Elder Santos Missionary Journal

Tonight’s dream was indeed a treat. And very fitting with Sunday as well, at least it ended that way, it started as a fantasy survival series where I was in India having to infiltrate enemies headquarters for secret documents that would ensure our survival in an apocalyptic world. Really, I don’t even know what has influenced me for that to come about. But for my mental, emotional, spiritual benefit and redemption, the dream I want to talk about is a much sweeter and important one.
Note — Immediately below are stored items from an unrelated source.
lemma ucycle_if_out_arc_closed:
  assumes "finite W" "x \<in> W" and closed: "\<And>w. w \<in> W \<Longrightarrow> \<exists>e\<in>arcs H. tail H e = w \<and> head H e \<in> W"
  shows "\<exists>es vs. ucycle H es vs"
proof -
  obtain a where a: "\<And>w. w \<in> W \<Longrightarrow> a w \<in> arcs H \<and> tail H (a w) = w \<and> head H (a w) \<in> W"
    using closed by metis
  define f where "f w = head H (a w)" for w
  obtain y p where "y \<in> W" "0 < p" "(f ^^ p) y = y"
    and distinct: "\<And>k l. k < l \<Longrightarrow> l < k + p \<Longrightarrow> (f ^^ k) y \<noteq> (f ^^ l) y"
    using finite_self_map_periodic_point[OF assms(1,2), of f] a by (auto simp: f_def)
  have orbit: "(f ^^ k) y \<in> W" for k
    by (induction k) (use \<open>y \<in> W\<close> a in \<open>auto simp: f_def\<close>)
  have window: "inj_on (\<lambda>k. (f ^^ k) y) {i..<i + p}" for i
    by (rule inj_onI, rule ccontr) (auto elim!: linorder_neqE_nat dest: distinct)
  define vs where "vs = map (\<lambda>k. (f ^^ k) y) [0..<Suc p]"
  define es where "es = map (\<lambda>k. a ((f ^^ k) y)) [0..<p]"
  have "ucycle H es vs"
    unfolding ucycle_def
  proof (intro conjI allI impI disjI1)
    show "es \<noteq> []" using \<open>0 < p\<close> by (simp add: es_def)
    have "inj_on (a \<circ> (\<lambda>k. (f ^^ k) y)) {0..<0 + p}"
      using window[of 0] a orbit by (intro comp_inj_on) (auto intro: inj_on_inverseI)
    then show "distinct es" by (simp add: es_def distinct_map comp_def)
    show "set es \<subseteq> arcs H" using a orbit by (auto simp: es_def)
    show "length vs = Suc (length es)" by (simp add: vs_def es_def)
    have "hd vs = y" by (simp add: vs_def hd_map del: upt_Suc)
    moreover have "last vs = (f ^^ p) y" by (simp add: vs_def)
    ultimately show "hd vs = last vs" using \<open>(f ^^ p) y = y\<close> by simp
    have "tl vs = map (\<lambda>k. (f ^^ k) y) [1..<1 + p]"
      by (simp add: vs_def map_tl[symmetric] tl_upt del: upt_Suc)
    then show "distinct (tl vs)" using window[of 1] by (simp add: distinct_map del: upt_Suc)
    fix k assume "k < length es"
    then show "tail H (es ! k) = vs ! k" "head H (es ! k) = vs ! Suc k"
      using a[OF orbit[of k]] by (simp_all add: es_def vs_def f_def nth_map del: upt_Suc)
  qed
  then show ?thesis by blast
qed

lemma rooted_tree_root_in_out_closed:
  assumes root: "rooted_tree H r" and "finite S" "S \<subseteq> verts H" "v \<in> S"
    and closed: "\<And>e. e \<in> arcs H \<Longrightarrow> tail H e \<in> S \<Longrightarrow> head H e \<in> S"
  shows "r \<in> S"
proof (rule ccontr)
  assume "r \<notin> S"
  have "\<exists>e\<in>arcs H. tail H e = w \<and> head H e \<in> S" if "w \<in> S" for w
  proof -
    have "out_arcs H w \<noteq> {}"
      using root \<open>S \<subseteq> verts H\<close> that \<open>r \<notin> S\<close> by (auto simp: rooted_tree_def)
    then obtain e where "e \<in> arcs H" "tail H e = w" by (auto simp: out_arcs_def)
    then show ?thesis using closed that by blast
  qed
  then have "\<exists>es vs. ucycle H es vs"
    by (rule ucycle_if_out_arc_closed[OF \<open>finite S\<close> \<open>v \<in> S\<close>])
  then show False using root by (auto simp: rooted_tree_def utree_def uacyclic_def)
qed

lemma rooted_tree_root_unique: "rooted_tree T x \<Longrightarrow> rooted_tree T y \<Longrightarrow> x = y"
  by (auto simp: rooted_tree_def)

lemma ucomponent_eq_induce: "T \<in> ucomponents Z \<Longrightarrow> T = Z \<restriction> verts T"
  by (auto simp: ucomponents_def)

lemma ucomponent_verts_subset: "T \<in> ucomponents Z \<Longrightarrow> verts T \<subseteq> verts Z"
  by (auto simp: ucomponents_def)

lemma ucomponents_eq_if_common_vertex:
  assumes "T1 \<in> ucomponents Z" "T2 \<in> ucomponents Z" "w \<in> verts T1" "w \<in> verts T2"
  shows "T1 = T2"
proof -
  let ?R = "(uadj Z)\<^sup>*"
  have "sym ?R" by (rule sym_rtrancl) (auto simp: sym_def uadj_def)
  obtain u1 u2 where u1: "T1 = Z \<restriction> {v \<in> verts Z. (u1, v) \<in> ?R}"
    and u2: "T2 = Z \<restriction> {v \<in> verts Z. (u2, v) \<in> ?R}"
    using assms(1,2) by (auto simp: ucomponents_def)
  have "(u1, w) \<in> ?R" "(u2, w) \<in> ?R" using assms(3,4) u1 u2 by auto
  then have "(u1, u2) \<in> ?R" "(u2, u1) \<in> ?R"
    using \<open>sym ?R\<close> by (auto intro: rtrancl_trans simp: sym_def)
  then have "{v \<in> verts Z. (u1, v) \<in> ?R} = {v \<in> verts Z. (u2, v) \<in> ?R}"
    by (auto intro: rtrancl_trans)
  then show ?thesis using u1 u2 by simp
qed

lemma Theta_root_of_some_component:
  assumes "Z \<in> Theta G F B" "finite (verts G)" "B \<subseteq> verts G" "x \<in> B"
  shows "\<exists>T\<in>ucomponents Z. rooted_tree T x"
proof -
  let ?C = "ucomponents Z"
  have card: "card ?C = card B"
    and rooted: "\<And>T. T \<in> ?C \<Longrightarrow> \<exists>r\<in>B. rooted_tree T r"
    using assms(1) by (auto simp: Theta_def)
  obtain root where root: "\<And>T. T \<in> ?C \<Longrightarrow> root T \<in> B \<and> rooted_tree T (root T)"
    using rooted by metis
  have "inj_on root ?C"
  proof (rule inj_onI)
    fix T1 T2 assume "T1 \<in> ?C" "T2 \<in> ?C" "root T1 = root T2"
    moreover have "root T1 \<in> verts T1" "root T2 \<in> verts T2"
      using root \<open>T1 \<in> ?C\<close> \<open>T2 \<in> ?C\<close> by (auto simp: rooted_tree_def)
    ultimately show "T1 = T2" by (metis ucomponents_eq_if_common_vertex)
  qed
  then have "card (root ` ?C) = card B" by (simp add: card_image card)
  moreover have "root ` ?C \<subseteq> B" using root by blast
  moreover have "finite B" using assms(2,3) by (rule finite_subset[rotated])
  ultimately have "root ` ?C = B" by (simp add: card_subset_eq)
  then show ?thesis using root \<open>x \<in> B\<close> by force
qed

lemma msum_eq: "msum d ms = ms 0 + (\<Sum>j\<in>{1..d}. ms j)"
  unfolding msum_def by (simp add: atMost_atLeast0 sum.atLeast_Suc_atMost)

lemma prefix_sums_cover:
  fixes ms :: "nat \<Rightarrow> nat"
  assumes "1 \<le> v" "v \<le> (\<Sum>j\<in>{1..n}. ms j)"
  shows "\<exists>j\<in>{1..n}. (\<Sum>k\<in>{1..<j}. ms k) < v \<and> v \<le> (\<Sum>k\<in>{1..j}. ms k)"
  using assms
proof (induction n)
  case (Suc n)
  show ?case
  proof (cases "v \<le> (\<Sum>j\<in>{1..n}. ms j)")
    case True then show ?thesis using Suc by force
  next
    case False
    moreover have "{1..<Suc n} = {1..n}" by auto
    ultimately show ?thesis using Suc.prems by (intro bexI[of _ "Suc n"]) auto
  qed
qed simp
While going to church, or after Sunday meetings, I found myself outside the doors of our church’s chapel.  A young mother approached and suddenly called out to me, seemingly a single mother of a youth nearing his 12th birthday, soon to receive the Aaronic Priesthood and become a deacon. She was worried, she explained, about her child, his growth, emotional and above all, spiritual, that would come with this big milestone in his life. She asked me if I could give her child a blessing, of comfort and council, preparatory to the life lessons that would raise her child and guide his spiritual and emotional development.
The child, though, seemed unfazed, unemotional, so I understood and felt that mother’s worries and felt them as my own, as well as the weight of that responsibility. As she finished explaining, another mother walks out through the doors, with her child, barely or recently reaching baptism age of 8-year-old, bearing in his hands an open Book of Mormon. He starts talking to his mother, and with Scripture in hands, he starts explaining why he believed the church was true, referencing to several scriptures, that during my dream, the words felt so clear and obvious to my understanding that after listening to several of the verses, chapters and books the child talked about, I felt a strong, souls stirring confirmation that what that child said was true. I knelt down, nearly in tears, begging him to NEVER stop being who he is, NEVER forgetting his testimony, never giving up on the true everlasting gospel.

The Blessing

Then, at that moment, I knew clearly and distinctively what sort of blessing of comfort and council I needed to give to the other child. As the mother, the adjacent family and many other members came to be present for that moment, me and several others surrounded the kid and were preparing to give him a blessing. But at that moment, the bishop or branch president kept correcting my posture, hand positioning over his head. As I followed the instructions or corrections, and was ready to give the blessing, I felt increasingly distracted and annoyed by the noise of comments, conversations, gossip, and talking behind me. It just bothered me to such an extent that I glared at them; and chastened them, that moment, for that young man in my dream, was important, who was preparing to embark on a journey of responsibility, accountability for his actions, pressure to be a bearer of the priesthood, through good works and bad decisions he would experience and grow exponentially to find his position in the plan of god for himself.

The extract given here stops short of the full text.